Thirty-four had services provided by PCTs, of whom 11 had the service provided
exclusively by one or more PCT provider, 20 in combination with 1 or more
mental health provider and 3 in combination with a non-statutory provider.
Nine drug action teams had services provided by non-statutory services, of
whom three had services provided exclusively by this sector, with the
remainder in combination with other providers, such as a community trust,
mental health trust or PCT. One drug action team had services that were
provided by a combination of social services and mental health trust. The four
Welsh drug action teams which responded indicated that their statutory
provision was provided by acute trusts.
Medical leads
The largest group of medical leads (in posts both vacant and filled) were
psychiatrists. There were 123 senior psychiatric posts, of which 99 were with
a mental health trust, 12 a PCT, 6 the non-statutory sector, 1 a community
trust, 2 social services and 3 acute trusts in Wales. The next largest group
were GPs, the total number of posts being 42, of which 11 were with mental
health trusts, 22 PCTs, 7 in the non-statutory sector, 1 in a community trust
and 1 an acute trust in Wales. Three public health specialists were medical
leads (one in a mental health trust and two in PCTs) and one community trust
employed a genito-urinary specialist as their medical lead.
Post occupancy
Table 1 shows whether posts
were filled, vacant or occupied by a locum.
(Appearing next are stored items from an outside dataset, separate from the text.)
(* Let $p$ be an odd prime and $q\in\mathbb C_p$ with $|1-q|_p<p^{-1/(p-1)}$. For $k,n\in\mathbb Z_+$ with $n\ge k$, $$\int_{\mathbb Z_p}\frac{B_{k,n}(x,q)}{\binom nk}\,d\mu_{-1}(x)=\sum_{m=0}^\infty\sum_{l=0}^{n-k}\binom{l+m-1}{m}\binom{n-k}{l}(-1)^{l+m}q^l(q-1)^mE_{l+m+k,q}.$$
   Context: For $x\in\mathbb Z_p$, $[x]_q=\frac{1-q^x}{1-q}$. The modified $q$-Bernstein polynomials are $B_{k,n}(x,q)=\binom nk[x]_q^k[1-x]_q^{n-k}$ for $0\le k\le n$. The fermionic $p$-adic integral of a uniformly differentiable $f:\mathbb Z_p\to\mathbb C_p$ is $\int_{\mathbb Z_p}f(x)\,d\mu_{-1}(x)=\lim_{N\to\infty}\sum_{x=0}^{p^N-1}f(x)(-1)^x$. The $q$-Euler numbers are $E_{n,q}=\int_{\mathbb Z_p}[x]_q^n\,d\mu_{-1}(x)$. Binomial coefficients $\binom{a}{m}=\frac{a(a-1)\cdots(a-m+1)}{m!}$ are the generalized ones (so $\binom{-1}{0}=1$ and $\binom{m-1}{m}=0$ for $m\ge1$). *)

theory Defs
  imports Complex_Main "HOL-Computational_Algebra.Primes"
begin

text \<open>Abstract model of the ambient field C_p: a field K of characteristic 0
with an absolute value nv that is multiplicative, non-archimedean, complete,
algebraically closed, and normalised by nv p = 1/p (so it restricts to the
p-adic absolute value on Q and K contains Q_p).\<close>

definition nv_tendsto :: "('a::field \<Rightarrow> real) \<Rightarrow> (nat \<Rightarrow> 'a) \<Rightarrow> 'a \<Rightarrow> bool" where
  "nv_tendsto nv X L \<longleftrightarrow> ((\<lambda>N. nv (X N - L)) \<longlonglongrightarrow> 0)"

definition nv_sums :: "('a::field \<Rightarrow> real) \<Rightarrow> (nat \<Rightarrow> 'a) \<Rightarrow> 'a \<Rightarrow> bool" where
  "nv_sums nv g s \<longleftrightarrow> nv_tendsto nv (\<lambda>M. \<Sum>m<M. g m) s"

definition Cp_like :: "nat \<Rightarrow> ('a::field_char_0 \<Rightarrow> real) \<Rightarrow> bool" where
  "Cp_like p nv \<longleftrightarrow>
     (\<forall>x. 0 \<le> nv x) \<and> (\<forall>x. nv x = 0 \<longleftrightarrow> x = 0) \<and>
     (\<forall>x y. nv (x * y) = nv x * nv y) \<and>
     (\<forall>x y. nv (x + y) \<le> max (nv x) (nv y)) \<and>
     nv (of_nat p) = 1 / real p \<and>
     (\<forall>X. (\<forall>e>0. \<exists>M. \<forall>m\<ge>M. \<forall>n\<ge>M. nv (X m - X n) < e) \<longrightarrow> (\<exists>L. nv_tendsto nv X L)) \<and>
     (\<forall>(d::nat) (c::nat \<Rightarrow> 'a). d > 0 \<longrightarrow> (\<exists>x. x ^ d + (\<Sum>i<d. c i * x ^ i) = 0))"

definition qint :: "'a::field_char_0 \<Rightarrow> int \<Rightarrow> 'a" where
  "qint q x = (if q = 1 then of_int x else (1 - q powi x) / (1 - q))"

definition qbern :: "nat \<Rightarrow> nat \<Rightarrow> 'a::field_char_0 \<Rightarrow> nat \<Rightarrow> 'a" where
  "qbern k n q x = of_nat (n choose k) * qint q (int x) ^ k * qint q (1 - int x) ^ (n - k)"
For psychiatrists employed by
mental health trusts, occupancy figures were slightly lower than those in
Table 1 with 75 posts occupied
(77% of the total), 10 vacant (10% of the total) and 12 occupied by a locum
(12% of the total). In PCTs, occupancy was better, with 10 out of 12 posts
occupied (83%). For GPs, 20 posts out of 21 were filled when the PCT was an
employer (95%), and 11 out of 11 for mental health trusts (100%).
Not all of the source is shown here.